## Source information
lemma detection_threshold_ge:
  fixes a lam lamt :: real
  assumes a: "0 < a" and l: "0 < lam" "lam < lamt"
  shows "a \<le> lamt * lam / (lamt - lam) * ln ((exp (a / lam) - 1) / (exp (a / lamt) - 1))"
proof -
  let ?A = "exp (a / lam) - 1" and ?B = "exp (a / lamt) - 1"
  have A: "0 < ?A" and B: "0 < ?B" using a l by simp_all
  have "exp (a / lam - a / lamt) * ?B = exp (a / lam) - exp (a / lam - a / lamt)"
    by (simp add: exp_diff field_simps)
  also have "\<dots> \<le> ?A"
    using a l by (simp add: divide_left_mono)
  finally have "a / lam - a / lamt \<le> ln (?A / ?B)"
    using A B by (simp add: ln_ge_iff pos_le_divide_eq)
  then have "lamt * lam / (lamt - lam) * (a / lam - a / lamt) \<le> lamt * lam / (lamt - lam) * ln (?A / ?B)"
    using l by (intro mult_left_mono) auto
  moreover have "lamt * lam / (lamt - lam) * (a / lam - a / lamt) = a"
    using l by (simp add: field_simps)
  ultimately show ?thesis by simp
qed

lemma survival_window_gap_minimum:
  fixes a lam lamt t :: real
  assumes a: "0 < a" and l: "0 < lam" "lam < lamt"
  defines "t0 \<equiv> lamt * lam / (lamt - lam) * ln ((exp (a / lam) - 1) / (exp (a / lamt) - 1))"
  shows "survival_window lam a t0 - survival_window lamt a t0
    \<le> survival_window lam a t - survival_window lamt a t"
proof -
  define W where "W t = survival_window lam a t - survival_window lamt a t" for t
  define f where "f t = lam * (exp (a / lam) - 1) * exp (- t / lam)
    - lamt * (exp (a / lamt) - 1) * exp (- t / lamt)" for t
  define g where "g t = lam * (1 - exp (- t / lam)) - lamt * (1 - exp (- t / lamt))" for t
  have W_ge: "W t = f t" if "a \<le> t" for t
    using that a by (simp add: W_def f_def survival_window_of_ge)
  have W_le: "W t = g t" if "0 \<le> t" "t \<le> a" for t
    using that by (simp add: W_def g_def survival_window_of_le)
  have f_min: "f t0 \<le> f t" for t
    unfolding f_def t0_def using a l by (intro exp_combination_minimum) auto
  have g_antimono: "g t \<le> g s" if "0 \<le> s" "s \<le> t" for s t
    unfolding g_def using that l by (intro exp_mean_gap_antimono) auto
  have "W t0 = f t0"
    using W_ge detection_threshold_ge[OF a l] by (simp add: t0_def)
  also have "\<dots> \<le> g a"
    using f_min[of a] W_ge[of a] W_le[of a] a by simp
  finally have W_t0: "W t0 \<le> g a" .
  consider "a \<le> t" | "0 \<le> t" "t \<le> a" | "t \<le> 0" by linarith
  then have "W t0 \<le> W t"
  proof cases
    case 1
    then show ?thesis using W_ge f_min \<open>W t0 = f t0\<close> by simp
  next
    case 2
    then show ?thesis using W_t0 W_le g_antimono[of t a] by simp
  next
    case 3
    then show ?thesis
      using W_t0 g_antimono[of 0 a] a by (simp add: W_def g_def survival_window_of_nonpos)
  qed
  then show ?thesis by (simp add: W_def)
qed

theorem theorem2:
  fixes sigma2 gamma Pmax lam lamt :: real
  assumes "sigma2 > 0" and "gamma > 0" and "Pmax > 0" and "0 < lam" and "lam < lamt"
  defines "Delta \<equiv> (exp (gamma * Pmax / lam) - 1) / (exp (gamma * Pmax / lamt) - 1)"
  defines "tau_star \<equiv> lamt * lam / (lamt - lam) * ln Delta + sigma2"
  shows "tau_star \<in> {sigma2 + gamma * Pmax..} \<and>
    (\<forall>tau > 0. P_e sigma2 gamma Pmax lam lamt tau_star \<le> P_e sigma2 gamma Pmax lam lamt tau) \<and>
    P_e sigma2 gamma Pmax lam lamt tau_star =
           1 - (lamt * (exp (gamma * Pmax / lamt) - 1) * Delta powr (lam / (lam - lamt))
                - lam * (exp (gamma * Pmax / lam) - 1) * Delta powr (lamt / (lam - lamt)))
               / (gamma * Pmax)"
proof -
  define a where "a = gamma * Pmax"
  have a: "0 < a" using assms by (simp add: a_def)
  define W where "W t = survival_window lam a t - survival_window lamt a t" for t
  have P_e_eq: "P_e sigma2 gamma Pmax lam lamt tau = 1 + W (tau - sigma2) / a" for tau
    using assms P_FA_eq P_MD_eq
    by (simp add: P_e_def W_def a_def diff_divide_distrib)
  define t0 where "t0 = lamt * lam / (lamt - lam) * ln Delta"
  have t0: "tau_star - sigma2 = t0" by (simp add: tau_star_def t0_def)
  have "a \<le> t0"
    using detection_threshold_ge[OF a assms(4,5)] by (simp add: t0_def Delta_def a_def)
  have W_min: "W t0 \<le> W t" for t
    using survival_window_gap_minimum[OF a assms(4,5)] by (simp add: W_def t0_def Delta_def a_def)
  have "exp (- t0 / lam) = Delta powr (lamt / (lam - lamt))"
    and "exp (- t0 / lamt) = Delta powr (lam / (lam - lamt))"
    using assms by (simp_all add: t0_def powr_def field_simps)
  then have W_t0: "W t0 = lam * (exp (a / lam) - 1) * Delta powr (lamt / (lam - lamt))
      - lamt * (exp (a / lamt) - 1) * Delta powr (lam / (lam - lamt))"
    using \<open>a \<le> t0\<close> a by (simp add: W_def survival_window_of_ge)
  show ?thesis
  proof (intro conjI allI impI)
    show "tau_star \<in> {sigma2 + gamma * Pmax..}"
      using \<open>a \<le> t0\<close> t0 by (simp add: a_def)
    show "P_e sigma2 gamma Pmax lam lamt tau_star \<le> P_e sigma2 gamma Pmax lam lamt tau" for tau
      using W_min a by (simp add: P_e_eq t0 divide_right_mono)
    show "P_e sigma2 gamma Pmax lam lamt tau_star =
           1 - (lamt * (exp (gamma * Pmax / lamt) - 1) * Delta powr (lam / (lam - lamt))
                - lam * (exp (gamma * Pmax / lam) - 1) * Delta powr (lamt / (lam - lamt)))
               / (gamma * Pmax)"
      using W_t0 by (simp add: P_e_eq t0 a_def diff_divide_distrib)
  qed
qed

## Work task
The job is to copy each line from the material above that holds the word "thesis".

## Response box
  ultimately show ?thesis by simp
    then show ?thesis using W_ge f_min \<open>W t0 = f t0\<close> by simp
    then show ?thesis using W_t0 W_le g_antimono[of t a] by simp
    then show ?thesis
  then show ?thesis by (simp add: W_def)
  show ?thesis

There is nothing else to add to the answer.